Task brief → In the entries below, find the line with "qed (simp_all add: W_def)" and the line with "define G where". Print those two and everything between them exactly, and nothing else.

Provided records →
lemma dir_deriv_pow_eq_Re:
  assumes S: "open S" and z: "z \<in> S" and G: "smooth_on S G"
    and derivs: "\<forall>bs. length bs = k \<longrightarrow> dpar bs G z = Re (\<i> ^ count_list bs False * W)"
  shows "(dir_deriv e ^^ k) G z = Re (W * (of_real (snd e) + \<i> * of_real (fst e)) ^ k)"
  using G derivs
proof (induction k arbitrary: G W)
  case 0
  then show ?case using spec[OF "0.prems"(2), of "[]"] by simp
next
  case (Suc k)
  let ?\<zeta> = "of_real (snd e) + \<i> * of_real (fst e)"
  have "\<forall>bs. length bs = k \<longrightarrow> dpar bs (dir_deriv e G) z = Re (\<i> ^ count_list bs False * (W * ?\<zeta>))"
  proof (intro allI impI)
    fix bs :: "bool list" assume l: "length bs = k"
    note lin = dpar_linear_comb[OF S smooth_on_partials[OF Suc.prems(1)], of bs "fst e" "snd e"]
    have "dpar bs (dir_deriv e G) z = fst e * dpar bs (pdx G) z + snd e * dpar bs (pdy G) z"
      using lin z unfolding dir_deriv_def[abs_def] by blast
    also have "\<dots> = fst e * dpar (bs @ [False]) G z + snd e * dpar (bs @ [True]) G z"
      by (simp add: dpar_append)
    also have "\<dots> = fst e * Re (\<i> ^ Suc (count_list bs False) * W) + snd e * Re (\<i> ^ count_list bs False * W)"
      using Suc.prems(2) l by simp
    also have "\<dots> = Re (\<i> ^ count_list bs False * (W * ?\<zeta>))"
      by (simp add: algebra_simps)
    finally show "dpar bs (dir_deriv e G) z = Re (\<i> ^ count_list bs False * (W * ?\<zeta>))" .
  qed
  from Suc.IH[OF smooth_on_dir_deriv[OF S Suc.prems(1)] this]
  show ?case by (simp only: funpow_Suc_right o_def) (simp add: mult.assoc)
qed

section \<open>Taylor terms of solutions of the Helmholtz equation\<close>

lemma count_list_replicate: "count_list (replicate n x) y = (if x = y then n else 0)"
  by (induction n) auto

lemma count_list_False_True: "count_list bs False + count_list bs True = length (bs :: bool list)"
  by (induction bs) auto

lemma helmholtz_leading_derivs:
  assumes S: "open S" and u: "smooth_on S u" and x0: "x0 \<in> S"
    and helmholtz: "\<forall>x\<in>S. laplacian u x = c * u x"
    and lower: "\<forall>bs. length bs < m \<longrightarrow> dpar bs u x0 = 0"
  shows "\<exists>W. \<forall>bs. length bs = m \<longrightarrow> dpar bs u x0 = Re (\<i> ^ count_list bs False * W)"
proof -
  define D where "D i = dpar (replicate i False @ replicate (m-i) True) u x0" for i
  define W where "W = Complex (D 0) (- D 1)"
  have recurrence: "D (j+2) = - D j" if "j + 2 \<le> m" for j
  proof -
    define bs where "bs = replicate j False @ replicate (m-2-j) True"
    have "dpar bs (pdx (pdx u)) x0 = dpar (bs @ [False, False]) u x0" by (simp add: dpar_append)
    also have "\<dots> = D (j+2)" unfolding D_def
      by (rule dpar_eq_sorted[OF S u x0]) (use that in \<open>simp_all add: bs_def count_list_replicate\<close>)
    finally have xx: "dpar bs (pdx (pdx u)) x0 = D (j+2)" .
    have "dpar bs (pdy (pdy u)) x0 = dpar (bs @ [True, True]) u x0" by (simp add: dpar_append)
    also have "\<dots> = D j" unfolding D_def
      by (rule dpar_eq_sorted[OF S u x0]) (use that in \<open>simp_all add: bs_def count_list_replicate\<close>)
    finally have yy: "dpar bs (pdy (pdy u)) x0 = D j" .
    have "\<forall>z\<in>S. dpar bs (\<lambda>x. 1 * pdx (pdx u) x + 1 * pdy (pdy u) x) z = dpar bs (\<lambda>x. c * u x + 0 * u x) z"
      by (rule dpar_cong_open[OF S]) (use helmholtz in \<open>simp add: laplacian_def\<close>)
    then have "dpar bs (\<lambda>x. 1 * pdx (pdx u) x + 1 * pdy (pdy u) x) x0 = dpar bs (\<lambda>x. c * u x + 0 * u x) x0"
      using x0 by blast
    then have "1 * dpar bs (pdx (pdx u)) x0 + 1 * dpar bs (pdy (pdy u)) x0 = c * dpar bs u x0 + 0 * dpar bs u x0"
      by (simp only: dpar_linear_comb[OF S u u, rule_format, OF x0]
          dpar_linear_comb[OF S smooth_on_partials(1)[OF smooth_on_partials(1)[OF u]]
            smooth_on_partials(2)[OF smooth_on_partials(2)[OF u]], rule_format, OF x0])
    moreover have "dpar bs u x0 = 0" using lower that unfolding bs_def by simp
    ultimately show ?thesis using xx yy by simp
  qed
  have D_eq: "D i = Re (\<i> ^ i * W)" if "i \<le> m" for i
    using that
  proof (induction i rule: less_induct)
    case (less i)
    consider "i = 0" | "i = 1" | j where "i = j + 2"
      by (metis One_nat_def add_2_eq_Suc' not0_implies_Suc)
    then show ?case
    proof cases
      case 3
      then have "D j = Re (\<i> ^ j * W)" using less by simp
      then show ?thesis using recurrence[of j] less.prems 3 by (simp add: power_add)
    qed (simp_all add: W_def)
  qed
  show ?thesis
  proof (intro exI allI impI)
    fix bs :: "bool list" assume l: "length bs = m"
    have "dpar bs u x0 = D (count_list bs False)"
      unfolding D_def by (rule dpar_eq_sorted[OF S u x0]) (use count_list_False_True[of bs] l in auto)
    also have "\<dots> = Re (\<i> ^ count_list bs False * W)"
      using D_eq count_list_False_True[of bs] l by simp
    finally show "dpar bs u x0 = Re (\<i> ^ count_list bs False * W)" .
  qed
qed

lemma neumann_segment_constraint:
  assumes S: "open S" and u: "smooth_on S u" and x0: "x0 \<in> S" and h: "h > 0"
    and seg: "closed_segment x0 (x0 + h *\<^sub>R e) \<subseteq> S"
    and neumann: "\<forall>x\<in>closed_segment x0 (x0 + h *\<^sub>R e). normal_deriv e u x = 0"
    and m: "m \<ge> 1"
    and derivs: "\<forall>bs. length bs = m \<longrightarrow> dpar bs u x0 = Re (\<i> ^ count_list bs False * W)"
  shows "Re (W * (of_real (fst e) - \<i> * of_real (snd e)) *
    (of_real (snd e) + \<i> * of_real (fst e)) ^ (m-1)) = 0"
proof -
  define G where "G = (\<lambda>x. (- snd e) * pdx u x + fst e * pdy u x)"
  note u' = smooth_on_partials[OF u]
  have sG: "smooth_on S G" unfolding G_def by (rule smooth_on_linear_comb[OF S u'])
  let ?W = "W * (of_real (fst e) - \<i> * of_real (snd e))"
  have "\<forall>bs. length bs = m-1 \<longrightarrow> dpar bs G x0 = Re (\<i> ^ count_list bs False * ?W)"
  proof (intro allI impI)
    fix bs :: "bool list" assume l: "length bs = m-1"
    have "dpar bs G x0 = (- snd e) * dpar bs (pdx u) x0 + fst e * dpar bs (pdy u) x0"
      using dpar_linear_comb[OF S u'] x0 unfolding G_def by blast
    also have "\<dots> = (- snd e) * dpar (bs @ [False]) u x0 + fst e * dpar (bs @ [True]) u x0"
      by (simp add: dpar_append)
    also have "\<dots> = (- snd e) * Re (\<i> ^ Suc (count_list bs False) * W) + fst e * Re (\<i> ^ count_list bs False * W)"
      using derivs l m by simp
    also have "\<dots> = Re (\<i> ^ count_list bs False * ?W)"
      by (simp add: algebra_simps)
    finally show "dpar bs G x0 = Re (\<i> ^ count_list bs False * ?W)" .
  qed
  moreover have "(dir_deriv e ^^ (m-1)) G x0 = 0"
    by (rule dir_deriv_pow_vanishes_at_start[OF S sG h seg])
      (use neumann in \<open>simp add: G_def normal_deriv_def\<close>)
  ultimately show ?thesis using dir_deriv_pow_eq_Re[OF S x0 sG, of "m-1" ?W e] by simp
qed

---

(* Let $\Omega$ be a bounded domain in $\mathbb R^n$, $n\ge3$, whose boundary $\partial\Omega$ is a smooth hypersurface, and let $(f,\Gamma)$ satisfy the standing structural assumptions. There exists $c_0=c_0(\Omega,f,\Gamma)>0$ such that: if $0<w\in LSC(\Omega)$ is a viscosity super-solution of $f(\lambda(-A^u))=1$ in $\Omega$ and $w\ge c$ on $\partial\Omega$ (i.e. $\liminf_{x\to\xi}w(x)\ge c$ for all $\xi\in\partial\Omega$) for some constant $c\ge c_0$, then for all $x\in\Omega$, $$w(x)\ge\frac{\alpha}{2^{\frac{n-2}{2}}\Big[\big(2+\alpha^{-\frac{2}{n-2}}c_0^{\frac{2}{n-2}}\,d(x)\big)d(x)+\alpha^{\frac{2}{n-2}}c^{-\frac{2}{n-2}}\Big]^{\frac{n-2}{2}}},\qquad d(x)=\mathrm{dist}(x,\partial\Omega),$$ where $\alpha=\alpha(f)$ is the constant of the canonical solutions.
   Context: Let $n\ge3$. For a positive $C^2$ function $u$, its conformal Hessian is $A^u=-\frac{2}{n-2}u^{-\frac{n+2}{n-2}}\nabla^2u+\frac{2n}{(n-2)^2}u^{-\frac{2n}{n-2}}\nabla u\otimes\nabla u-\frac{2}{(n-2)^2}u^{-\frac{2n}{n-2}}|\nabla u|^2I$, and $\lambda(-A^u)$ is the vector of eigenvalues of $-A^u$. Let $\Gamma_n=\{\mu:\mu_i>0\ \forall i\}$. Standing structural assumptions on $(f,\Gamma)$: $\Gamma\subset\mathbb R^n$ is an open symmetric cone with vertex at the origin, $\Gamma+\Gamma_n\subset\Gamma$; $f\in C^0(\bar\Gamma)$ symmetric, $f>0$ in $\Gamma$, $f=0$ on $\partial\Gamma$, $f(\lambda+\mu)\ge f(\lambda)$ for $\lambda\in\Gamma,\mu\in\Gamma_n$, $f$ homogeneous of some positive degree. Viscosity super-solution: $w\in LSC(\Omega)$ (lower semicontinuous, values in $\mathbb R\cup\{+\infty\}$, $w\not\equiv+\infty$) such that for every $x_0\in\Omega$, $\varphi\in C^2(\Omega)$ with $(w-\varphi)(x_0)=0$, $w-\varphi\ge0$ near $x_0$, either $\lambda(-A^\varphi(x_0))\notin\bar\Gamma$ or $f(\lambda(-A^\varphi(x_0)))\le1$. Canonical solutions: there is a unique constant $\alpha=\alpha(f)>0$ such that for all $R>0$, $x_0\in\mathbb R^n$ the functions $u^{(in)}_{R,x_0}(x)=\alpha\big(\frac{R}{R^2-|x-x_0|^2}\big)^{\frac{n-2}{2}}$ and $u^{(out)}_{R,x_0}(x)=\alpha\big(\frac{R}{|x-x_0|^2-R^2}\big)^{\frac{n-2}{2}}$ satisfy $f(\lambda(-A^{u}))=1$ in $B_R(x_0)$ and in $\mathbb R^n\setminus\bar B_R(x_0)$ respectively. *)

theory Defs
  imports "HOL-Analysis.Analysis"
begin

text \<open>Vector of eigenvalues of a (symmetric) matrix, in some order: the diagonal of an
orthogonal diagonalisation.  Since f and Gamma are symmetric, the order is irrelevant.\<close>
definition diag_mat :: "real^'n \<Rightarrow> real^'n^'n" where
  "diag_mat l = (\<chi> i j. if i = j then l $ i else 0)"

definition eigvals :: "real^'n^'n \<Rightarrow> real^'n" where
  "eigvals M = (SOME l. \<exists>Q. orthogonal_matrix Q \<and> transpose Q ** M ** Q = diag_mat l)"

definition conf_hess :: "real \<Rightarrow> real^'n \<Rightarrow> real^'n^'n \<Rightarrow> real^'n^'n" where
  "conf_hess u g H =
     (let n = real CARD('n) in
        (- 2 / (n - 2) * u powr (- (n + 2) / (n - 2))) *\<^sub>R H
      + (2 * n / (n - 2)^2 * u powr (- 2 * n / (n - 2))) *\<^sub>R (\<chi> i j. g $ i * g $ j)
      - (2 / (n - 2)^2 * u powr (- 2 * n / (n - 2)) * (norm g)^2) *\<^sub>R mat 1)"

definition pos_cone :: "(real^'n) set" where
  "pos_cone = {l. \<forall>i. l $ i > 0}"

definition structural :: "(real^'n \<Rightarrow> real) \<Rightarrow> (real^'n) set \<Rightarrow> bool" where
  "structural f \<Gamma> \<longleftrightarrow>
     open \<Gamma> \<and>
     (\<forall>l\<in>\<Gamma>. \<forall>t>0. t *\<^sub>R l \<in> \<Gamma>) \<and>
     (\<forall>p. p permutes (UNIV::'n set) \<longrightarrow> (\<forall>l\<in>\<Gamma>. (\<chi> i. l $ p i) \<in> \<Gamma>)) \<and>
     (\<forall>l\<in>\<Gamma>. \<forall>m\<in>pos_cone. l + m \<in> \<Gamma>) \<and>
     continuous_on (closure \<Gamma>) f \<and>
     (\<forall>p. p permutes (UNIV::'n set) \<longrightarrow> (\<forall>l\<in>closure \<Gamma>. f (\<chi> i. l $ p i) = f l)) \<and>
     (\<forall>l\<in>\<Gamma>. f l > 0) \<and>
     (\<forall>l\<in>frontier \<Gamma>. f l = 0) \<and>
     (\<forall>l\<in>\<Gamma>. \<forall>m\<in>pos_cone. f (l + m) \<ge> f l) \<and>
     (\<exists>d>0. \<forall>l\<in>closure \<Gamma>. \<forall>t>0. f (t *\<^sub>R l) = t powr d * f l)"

Expected output →
    qed (simp_all add: W_def)
  qed
  show ?thesis
  proof (intro exI allI impI)
    fix bs :: "bool list" assume l: "length bs = m"
    have "dpar bs u x0 = D (count_list bs False)"
      unfolding D_def by (rule dpar_eq_sorted[OF S u x0]) (use count_list_False_True[of bs] l in auto)
    also have "\<dots> = Re (\<i> ^ count_list bs False * W)"
      using D_eq count_list_False_True[of bs] l by simp
    finally show "dpar bs u x0 = Re (\<i> ^ count_list bs False * W)" .
  qed
qed

lemma neumann_segment_constraint:
  assumes S: "open S" and u: "smooth_on S u" and x0: "x0 \<in> S" and h: "h > 0"
    and seg: "closed_segment x0 (x0 + h *\<^sub>R e) \<subseteq> S"
    and neumann: "\<forall>x\<in>closed_segment x0 (x0 + h *\<^sub>R e). normal_deriv e u x = 0"
    and m: "m \<ge> 1"
    and derivs: "\<forall>bs. length bs = m \<longrightarrow> dpar bs u x0 = Re (\<i> ^ count_list bs False * W)"
  shows "Re (W * (of_real (fst e) - \<i> * of_real (snd e)) *
    (of_real (snd e) + \<i> * of_real (fst e)) ^ (m-1)) = 0"
proof -
  define G where "G = (\<lambda>x. (- snd e) * pdx u x + fst e * pdy u x)"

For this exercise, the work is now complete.